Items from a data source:
Segment Open

lemma telescoping_fix_space_decomposition:
  fixes P :: "nat \<Rightarrow> ('a::real_normed_vector \<Rightarrow>\<^sub>L 'a)"
  assumes "prod_minus_id n P x = 0"
    and "\<And>i j w. i < n \<Longrightarrow> j < n \<Longrightarrow> P i (P j w) = P j (P i w)"
  shows "x = (\<Sum>k<n. ((-1::real) ^ k) *\<^sub>R P k (minus_id_prod [0..<k] P x))"
proof -
  define D where "D k = minus_id_prod [0..<k] P x" for k
  define c where "c k = ((-1::real) ^ k) *\<^sub>R D k" for k
  have D_Suc: "D (Suc k) = P k (D k) - D k" if "k < n" for k
  proof -
    have "minus_id_prod [0..<k] P (P k x) = P k (D k)"
      unfolding D_def using assms(2) that by (intro minus_id_prod_commute[symmetric]) auto
    then show ?thesis
      by (simp add: D_def minus_id_prod_append blinfun.diff_right)
  qed
  have "(\<Sum>k<n. ((-1::real) ^ k) *\<^sub>R P k (D k)) = (\<Sum>k<n. c k - c (Suc k))"
    by (rule sum.cong) (simp_all add: c_def D_Suc algebra_simps)
  also have "\<dots> = c 0 - c n"
    by (rule sum_lessThan_telescope')
  also have "\<dots> = x"
    using assms(1) by (simp add: c_def D_def prod_minus_id_eq_minus_id_prod)
  finally show ?thesis
    by (simp add: D_def)
qed

lemma prod_kernel_subset_sum_fix_spaces:
  fixes \<SS> :: "nat \<Rightarrow> ('a::real_normed_vector \<Rightarrow>\<^sub>L 'a) set"
  assumes "\<And>j. j < n \<Longrightarrow> P j \<in> sot_closure (convex hull \<SS> j)"
    and "\<And>j. j < n \<Longrightarrow> is_zero_of (P j) (\<SS> j)"
    and "\<And>i j S T w. i < n \<Longrightarrow> j < n \<Longrightarrow> i \<noteq> j \<Longrightarrow> T \<in> \<SS> i \<Longrightarrow> S \<in> \<SS> j \<Longrightarrow> S (T w) = T (S w)"
  shows "prod_kernel n \<SS> \<subseteq> sum_fix_spaces n \<SS>"
proof
  fix x assume x: "x \<in> prod_kernel n \<SS>"
  have P_commute: "P i (P j w) = P j (P i w)" if "i < n" "j < n" for i j w
  proof (cases "i = j")
    case False
    have "T (P j v) = P j (T v)" if "T \<in> \<SS> i" for T v
      by (rule sot_closure_convex_hull_commute[OF assms(3)[OF \<open>i < n\<close> \<open>j < n\<close> False that]
            assms(1)[OF \<open>j < n\<close>], symmetric])
    then show ?thesis
      by (rule sot_closure_convex_hull_commute[OF _ assms(1)[OF \<open>i < n\<close>]])
  qed simp
  have "prod_minus_id n s x = 0"
    if "k \<le> n" and "\<forall>i<n. s i \<in> (if i < k then {P i} else \<SS> i)" for k s
    using that
  proof (induction k arbitrary: s)
    case 0
    then show ?case
      using x unfolding prod_kernel_def by auto
  next
    case (Suc k)
    have s_P: "s i = P i" if "i < Suc k" for i
      using Suc.prems that by (auto dest!: spec[of _ i])
    then have "prod_minus_id n (s(k := A)) x = 0" if "A \<in> \<SS> k" for A
      using Suc.prems that by (intro Suc.IH) auto
    then have "prod_minus_id n (s(k := P k)) x = 0"
      using Suc.prems(1) by (intro prod_minus_id_replace_factor[OF _ assms(1)]) auto
    moreover have "s(k := P k) = s"
      using s_P by (simp add: fun_upd_idem)
    ultimately show ?case
      by simp
  qed
  from this[of n P] have "prod_minus_id n P x = 0"
    by simp
  define y where "y k = ((-1::real) ^ k) *\<^sub>R P k (minus_id_prod [0..<k] P x)" for k
  have "x = (\<Sum>k<n. y k)"
    unfolding y_def using \<open>prod_minus_id n P x = 0\<close>
    by (rule telescoping_fix_space_decomposition) (rule P_commute)
  moreover have "y k \<in> fix_space (\<SS> k)" if "k < n" for k
    unfolding y_def by (intro fix_space_scaleR zero_element_range_fixed assms(2) that)
  ultimately show "x \<in> sum_fix_spaces n \<SS>"
    unfolding sum_fix_spaces_def by blast
qed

Segment Closed

:: To do ::
Print exactly the lines that run from the line containing "define y where" to the end of the data, both ends included.

:: Answer box ::
  define y where "y k = ((-1::real) ^ k) *\<^sub>R P k (minus_id_prod [0..<k] P x)" for k
  have "x = (\<Sum>k<n. y k)"
    unfolding y_def using \<open>prod_minus_id n P x = 0\<close>
    by (rule telescoping_fix_space_decomposition) (rule P_commute)
  moreover have "y k \<in> fix_space (\<SS> k)" if "k < n" for k
    unfolding y_def by (intro fix_space_scaleR zero_element_range_fixed assms(2) that)
  ultimately show "x \<in> sum_fix_spaces n \<SS>"
    unfolding sum_fix_spaces_def by blast
qed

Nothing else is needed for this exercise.